Worthy Farm, Somerset

Three years ago, the devastating result of the European referendum and a slippery landscape of mud threatened to diminish the euphoric spirit of Glastonbury. A year later, Jeremy Corbyn brought hope to thousands at Worthy Farm – before he later compromised his status among the left. A Glastonbury Festival still rooted in the future, then, felt more distant than ever for some past attendees.

But while real change is usually slow to be placed into effect, progress was visible at Glastonbury 2019. It was the event’s first plastic-free year, a move celebrated onstage by two Daves. The first being the much-loved 93-year-old broadcaster, and the second being a former Crack Magazine cover star and 21-year-old rapper. Over 99% of all tents were taken home – which made for a wonderful post-festival statistic – and the mantras of preservation and harmony that lay at the core of the festival’s ethos were implemented to bring real change to the site. This year, the festival’s agenda led to action.

The core elements of the festival’s ethos – unity and kindness – also echoed across the site through the festival’s bookings. IDLES rallied a full audience at The Park. In unison, they celebrated the NHS, sang for their mothers and amplified pro-immigration values that, three years ago, felt threatened by the announcement of Brexit during the festival. The values the Bristol band hold close echoed those of the festival’s – the role of live music as a source of hope and critical thought.
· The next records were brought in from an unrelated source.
lemma Phi_has_real_derivative: "(Phi has_real_derivative std_normal_density x) (at x)"
proof -
  define a b where "a = x - 1" and "b = x + 1"
  have "((\<lambda>y. integral {a..y} std_normal_density) has_real_derivative std_normal_density x)
      (at x within {a..b})"
    by (rule integral_has_real_derivative)
      (auto simp: a_def b_def intro: continuous_on_std_normal_density)
  then have "((\<lambda>y. measure (gauss_law 1) {..<a} + integral {a..y} std_normal_density)
      has_real_derivative std_normal_density x) (at x)"
    by (auto simp: at_within_Icc_at a_def b_def intro!: derivative_eq_intros)
  then show ?thesis
    by (rule has_field_derivative_transform_within_open[where S="{a<..<b}"])
      (auto simp: a_def b_def intro!: Phi_eq_integral[symmetric])
qed

lemma isCont_Phi: "isCont Phi x"
  by (rule DERIV_isCont[OF Phi_has_real_derivative])

lemma borel_measurable_Phi [measurable]: "Phi \<in> borel_measurable borel"
  by (intro borel_measurable_continuous_onI continuous_at_imp_continuous_on ballI isCont_Phi)

lemma Phi_nonneg: "0 \<le> Phi x"
  by (simp add: Phi_def cdf_def)

lemma Phi_le_1: "Phi x \<le> 1"
proof -
  interpret prob_space "gauss_law 1" by (rule prob_space_gauss_law) simp
  show ?thesis by (simp add: Phi_def cdf_def)
qed

lemma Phi_mono: "x \<le> y \<Longrightarrow> Phi x \<le> Phi y"
  by (rule DERIV_nonneg_imp_nondecreasing) (auto intro!: exI Phi_has_real_derivative)

lemma std_normal_density_le: "std_normal_density x \<le> 1 / sqrt (2 * pi)"
  by (simp add: std_normal_density_def divide_right_mono)

lemma Phi_lipschitz: "\<bar>Phi x - Phi y\<bar> \<le> \<bar>x - y\<bar> / sqrt (2 * pi)"
proof -
  have "Phi y - Phi x \<le> (y - x) / sqrt (2 * pi)" if "x \<le> y" for x y
  proof -
    have "(\<lambda>z. z / sqrt (2 * pi) - Phi z) x \<le> (\<lambda>z. z / sqrt (2 * pi) - Phi z) y"
    proof (rule DERIV_nonneg_imp_nondecreasing[OF that])
      fix z
      have "((\<lambda>z. z / sqrt (2 * pi)) has_real_derivative 1 / sqrt (2 * pi)) (at z)"
        by (rule DERIV_cdivide[OF DERIV_ident, simplified])
      from DERIV_diff[OF this Phi_has_real_derivative]
      show "\<exists>w. ((\<lambda>z. z / sqrt (2 * pi) - Phi z) has_real_derivative w) (at z) \<and> 0 \<le> w"
        using std_normal_density_le[of z] by auto
    qed
    then show ?thesis by (simp add: diff_divide_distrib)
  qed
  then show ?thesis
    using Phi_mono[of x y] Phi_mono[of y x] by (cases "x \<le> y") (auto simp: abs_if)
qed
lemma edge_mem_EFT_ASPT:
  assumes H: "is_EFT_ASPT (2 * N) edges weight 1 f \<sigma> H"
    and "L \<le> f" "0 \<le> \<sigma>" "\<sigma> * (real k + 1) < real (3 * k + 1)"
  shows "{a, b} \<in> H"
proof (rule ccontr)
  assume "{a, b} \<notin> H"
  then have "H - faults \<subseteq> edges - faults - {{a, b}}" using H unfolding is_EFT_ASPT_def by blast
  then have "ereal (real (3 * k + 1)) \<le> dist (H - faults) weight 1 b"
    by (rule order_trans[OF dist_avoiding_edge dist_antimono])
  also have "\<dots> \<le> ereal \<sigma> * dist (edges - faults) weight 1 b"
  proof -
    have "faults \<subseteq> edges" "card faults \<le> f"
      using faults_subset card_faults \<open>L \<le> f\<close> unfolding edges_def by auto
    then show ?thesis using H leaf_bounds unfolding is_EFT_ASPT_def by blast
  qed
  also have "\<dots> \<le> ereal \<sigma> * ereal (real k + 1)"
    using dist_through_edge \<open>0 \<le> \<sigma>\<close> by (intro ereal_mult_left_mono) auto
  finally show False using assms(4) by simp
qed

end

lemma (in girth_tree) card_EFT_ASPT_ge:
  assumes H: "is_EFT_ASPT (2 * N) edges weight 1 f \<sigma> H"
    and "L \<le> f" "0 \<le> \<sigma>" "\<sigma> * (real k + 1) < real (3 * k + 1)"
  shows "card E0 \<le> card H"
proof -
  have "lifted_edges \<subseteq> H"
  proof
    fix e assume "e \<in> lifted_edges"
    then obtain p q where pq: "e = {N + p, N + q}" "{p, q} \<in> E0" "p \<noteq> q" "p < \<eta>" "q < \<eta>"
      by (rule lifted_edgeE)
    interpret girth_tree_edge k \<eta> L E0 p q by unfold_locales (rule pq(2))
    show "e \<in> H" using edge_mem_EFT_ASPT[OF assms] pq(1) unfolding a_def b_def by simp
  qed
  moreover have "finite H" using H finite_edges finite_subset unfolding is_EFT_ASPT_def by blast
  ultimately show ?thesis using card_mono card_lifted_edges by (metis (no_types))
qed

section \<open>Infinitely many hard instances\<close>

lemma exists_two_power_bracket: "1 \<le> (n::nat) \<Longrightarrow> \<exists>L. n \<le> 2 ^ L \<and> 2 ^ L < 2 * n"
proof (induction n)
  case (Suc n)
  show ?case
  proof (cases "n = 0")
    case False
    then obtain L where L: "n \<le> 2 ^ L" "2 ^ L < 2 * n" using Suc.IH by auto
    show ?thesis
    proof (cases "Suc n \<le> 2 ^ L")
      case True
      then show ?thesis using L by (intro exI[of _ L]) simp
    next
      case False
      then have "n = 2 ^ L" using L by simp
      then show ?thesis using \<open>n \<noteq> 0\<close> by (intro exI[of _ "Suc L"]) simp
    qed
  qed (intro exI[of _ 0], simp)
qed simp

lemma powr_le_16_times_powr:
  fixes x y p :: real
  assumes "0 \<le> x" "x \<le> 4 * y" "0 \<le> p" "p \<le> 2"
  shows "x powr p \<le> 16 * y powr p"
proof -
  have "x powr p \<le> (4 * y) powr p" using assms by (intro powr_mono2) auto
  also have "\<dots> = 4 powr p * y powr p" using assms by (simp add: powr_mult)
  also have "\<dots> \<le> 4 powr 2 * y powr p" using assms by (intro mult_right_mono powr_mono) auto
  finally show ?thesis by simp
qed

lemma infinite_by_dominance:
  fixes A B :: "nat set"
  assumes "infinite A" and "\<And>a. a \<in> A \<Longrightarrow> m \<le> a \<Longrightarrow> \<exists>b\<in>B. a \<le> b"
  shows "infinite B"
  unfolding infinite_nat_iff_unbounded_le
proof
  fix j
  obtain a where "a \<in> A" "max j m \<le> a" using assms(1) unfolding infinite_nat_iff_unbounded_le by blast
  moreover from this obtain b where "b \<in> B" "a \<le> b" using assms(2)[of a] by auto
  ultimately show "\<exists>b\<ge>j. b \<in> B" by (meson max.boundedE order_trans)
qed

definition dense_high_girth_graph :: "nat \<Rightarrow> real \<Rightarrow> nat \<Rightarrow> bool" where
  "dense_high_girth_graph k c \<eta> \<longleftrightarrow> (\<exists>E. is_graph \<eta> E \<and> girth E = enat (2 * k + 2) \<and>
     real (card E) \<ge> c * real \<eta> powr (1 + 1 / real k))"

definition hard_ASPT_instance :: "nat \<Rightarrow> real \<Rightarrow> nat \<Rightarrow> bool" where
  "hard_ASPT_instance k c n \<longleftrightarrow> (\<exists>E w s. is_graph n E \<and> (\<forall>e \<in> E. w e \<ge> 0) \<and> s < n \<and>
     (\<forall>(f::nat) (\<sigma>::real) H.
        real f \<ge> log 2 (real n) \<and> 1 \<le> \<sigma> \<and> \<sigma> < (3 * real k + 1) / (real k + 1) \<and>
        is_EFT_ASPT n E w s f \<sigma> H
        \<longrightarrow> real (card H) \<ge> c * real n powr (1 + 1 / real k)))"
Stormzy’s turn on the Pyramid Stage provided the weekend’s most blockbuster political moments. There were spoken segments from Malorie Blackman and David Lammy and a wheel-up prompted by 100,000 people (those aged under 21 may usually be stereotyped as apathetic in the face of politics, but a significant amount were present here) who shouted “Fuck the government and fuck Boris!” live on national TV. It was an occasion that could only have happened at Glastonbury. The grime star appeared both unflinchingly focused and completely present in the moment. Onstage, Stormzy fully seized this opening and captured the fury, humour and glory of his world and brought it to the biggest stage at the event.

You didn’t need to look far to find fellow future leaders at Glastonbury 2019. The London jazz revolution reverberated across the weekend through the immersive cosmic wanderings of The Comet Is Coming, the community-focused ethos of Steam Down and the collaborative jams of Ezra Collective. Billie Eilish and Rosalía offered a diverse forecast of the future of pop music – Billie through an unvarnished personality and infectious melodies and Rosalía through a standard of choreographed precision that made Janet Jackson’s chaotic mimed mega-mix feel all the more loveless.

As usual, NYC Downlow – or the world’s most famous temporary nightclub – continued its reign over Block9. Key names this year included foundational house groundbreakers Tony Humphries and Erick Morillo. With godfathers like this billed alongside the likes of Midland and Horse Meat Disco’s Luke Howard, the festival reaffirmed the cross-generational significance of this space and the community that built it. Every year the queue is longer and the message is stronger. Elsewhere, Giant Swan caused chaos in The Glade, Paranoid London’s chuggy acidic techno continued to be the most underrated live act in electronic music, and Hessle Audio’s two hours at the hypnotising new IICON Stage provided proof that Block9 is a changing force; a swell of breaks and jungle syncopations closed one of the most visually impressive festival stages we’ve ever seen.

And then there was Kylie. 14 years ago, a breast cancer diagnosis meant she had to step down from a headline show, and she arrived at her 2019 legends slot glowing and armed with chart-topping hits. Where other legends slots have relied on pure guilty pleasure thrills, Kylie struck a perfect balance of corniness and grace. The silliness of Locomotion was counterbalanced by the sheer wonder of Nick Cave, who joined the Australian star for Wild Rose and the timelessly provocative Slow. Where other legends have used the afternoon slot as a victory lap, Kylie tied up unfinished business – reminding audiences of the breadth of her catalogue and re-asserting her untouchable status in British pop.

With a weekend dominated by shameless blasts of pop, The Cure’s gloomy and intense guitar headline salvo felt needed. As Robert Smith said, “I hope I don’t regret doing this” before he launched into Boys Don’t Cry for the finale, Janelle Monáe stripped down to a leotard and covered herself in mud for her final song at the West Holts Stage. The two performers are worlds apart – one notoriously inhibited, the other an expert performer in every sense. In the context of Glastonbury, they didn’t feel so disparate, especially on a year where optimism, self-expression and connectivity were strong themes throughout.